Unified models exhibit common failure modes during image generation, including attribute entanglement, inaccurate quantity, attribute fidelity errors, and confused spatial relationships. Fine-grained features (e.g., text, fingers) are often distorted, and models may generate scenes violating commonsense or physical laws.

Figure 10: Attribute mixing, quantity mismatch, and spatial relationship errors in image generation.

Figure 11: Detail loss, distortion, and commonsense violations in generated images.

These limitations become pronounced in tasks requiring true synergy, serving as bottlenecks for complex real-world problem solving.

Implications and Future Directions

The findings from RealUnify have significant implications for both practical deployment and theoretical model design:

Training Strategies: There is a clear need for advanced training schemes and stronger inductive biases that explicitly encourage cross-capability interaction, such as curriculum learning, multi-stage reasoning, and joint optimization objectives.
Model Architecture: Future unified models should incorporate mechanisms for explicit reasoning transfer, generative simulation, and memory augmentation to facilitate bidirectional synergy.
Benchmarking Standards: RealUnify sets a new standard for multimodal evaluation, emphasizing the necessity of synergy-focused benchmarks for assessing general-purpose AI.

The persistent gap between unified models and specialist or oracle combinations suggests that progress in unified modeling will require innovations beyond mere architectural integration.

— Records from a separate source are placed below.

lemma L1_on_conjunction_le:
  fixes r :: "nat \<Rightarrow> nat" and \<alpha> K :: real
  assumes "finite V"
    and "\<And>w u. w \<in> V \<Longrightarrow> par w = Some u \<Longrightarrow> u \<in> V \<and> r u < r w"
    and "\<And>w x. w \<in> V \<Longrightarrow> 0 < bn_mu par p x w \<and> bn_mu par p x w < 1"
    and "\<And>w x y. w \<in> V \<Longrightarrow>
       \<bar>bn_mu par p x w - bn_mu par p y w\<bar> \<le> \<alpha> \<and> \<bar>bn_sigma par p x w - bn_sigma par p y w\<bar> \<le> \<alpha>"
    and "T0 \<subseteq> V" and "T1 \<subseteq> V" and "0 \<le> \<alpha>" and "1 \<le> K" and "2 + 2 * \<alpha> * K \<le> K"
  shows "bn_L1_on par p V (conjunction T0 T1) \<le> K ^ card (T0 \<union> T1)"
  using assms(1-6)
proof (induction V arbitrary: T0 T1 rule: finite_psubset_induct)
  case (psubset V)
  note parents = psubset.prems(1) and mu = psubset.prems(2) and diff = psubset.prems(3)
  show ?case
  proof (cases "V = {}")
    case True
    then show ?thesis using psubset.prems(4,5)
      by (simp add: bn_L1_on_def bn_coeff_on_def bn_expect_on_def bn_prob_on_def conjunction_def bn_phiS_def)
  next
    case False
    obtain v where v: "v \<in> V" "\<forall>w\<in>V. par w \<noteq> Some v" "par v \<noteq> Some v"
      using obtain_leaf[OF psubset.hyps False] parents by blast
    define W where "W = V - {v}"
    have V: "V = insert v W" and "W \<subset> V" using v(1) unfolding W_def by auto
    interpret bn_leaf par p W v
      using psubset.hyps v mu[OF v(1)] unfolding W_def by unfold_locales auto
    have parents_W: "\<And>w u. w \<in> W \<Longrightarrow> par w = Some u \<Longrightarrow> u \<in> W \<and> r u < r w"
      using parents v(2) unfolding W_def by blast
    show ?thesis
      unfolding V
    proof (rule L1_conjunction_insert_le)
      show "bn_L1_on par p W (conjunction A B) \<le> K ^ card (A \<union> B)" if "A \<subseteq> W" "B \<subseteq> W" for A B
        using psubset.IH[OF \<open>W \<subset> V\<close> parents_W mu diff that] unfolding W_def by blast
      show "u \<in> W" if "par v = Some u" for u
        using parents[OF v(1) that] v(3) that unfolding W_def by auto
    qed (use psubset.prems(4,5) diff[OF v(1)] assms(7-9) in \<open>auto simp: V\<close>)
  qed
qed

lemma cpt_open_bn_mu:
  "cpt_open n par p \<Longrightarrow> v < n \<Longrightarrow> 0 < bn_mu par p x v \<and> bn_mu par p x v < 1"
  by (cases "par v") (auto simp: cpt_open_def bn_mu_def pa_val_def)

theorem mainTheorem7:
  fixes \<alpha> :: real and n d :: nat and par :: "nat \<Rightarrow> nat option"
    and p :: "nat \<Rightarrow> bool \<Rightarrow> real" and T0 T1 :: "nat set"
  assumes "0 \<le> \<alpha>" and "\<alpha> < 1/2"
    and "is_tree n par" and "cpt_open n par p" and "diff_bounded \<alpha> n par p"
    and "T0 \<subseteq> {0..<n}" and "T1 \<subseteq> {0..<n}" and "T0 \<inter> T1 = {}"
    and "card (T0 \<union> T1) = d"
  shows "bn_L1 n par p (conjunction T0 T1) \<le> ((2 - 2*\<alpha>) / (1 - 2*\<alpha>)) ^ (2*d)"
proof -
  define K where "K = ((2 - 2*\<alpha>) / (1 - 2*\<alpha>)) ^ 2"
  obtain r :: "nat \<Rightarrow> nat" where r: "\<forall>v<n. \<forall>u. par v = Some u \<longrightarrow> r u < r v"
    using assms(3) unfolding is_tree_def by blast
  have "bn_L1_on par p {0..<n} (conjunction T0 T1) \<le> K ^ card (T0 \<union> T1)"
  proof (rule L1_on_conjunction_le)
    show "u \<in> {0..<n} \<and> r u < r w" if "w \<in> {0..<n}" "par w = Some u" for w u
      using that r assms(3) unfolding is_tree_def by auto
    show "1 \<le> K" "2 + 2 * \<alpha> * K \<le> K"
      unfolding K_def using conjunction_growth_factor[OF assms(1,2)] by auto
  qed (use assms(1,5-7) cpt_open_bn_mu[OF assms(4)] in \<open>auto simp: diff_bounded_def\<close>)
  then show ?thesis
    unfolding bn_L1_eq_bn_L1_on K_def assms(9) by (simp add: power_mult)
qed

end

Research should focus on methods that foster emergent synergetic behaviors, such as self-evolution cycles, chain-of-thought reasoning for generation, and latent visual token manipulation.

Conclusion

RealUnify provides a rigorous, comprehensive framework for evaluating the synergy between understanding and generation in unified multimodal models. Empirical results demonstrate that current unified models, despite strong individual capabilities, fail to achieve genuine bidirectional enhancement. Bridging this gap will require new training paradigms, architectural innovations, and synergy-focused benchmarks. RealUnify thus serves as both a diagnostic tool and a catalyst for future research in unified multimodal intelligence.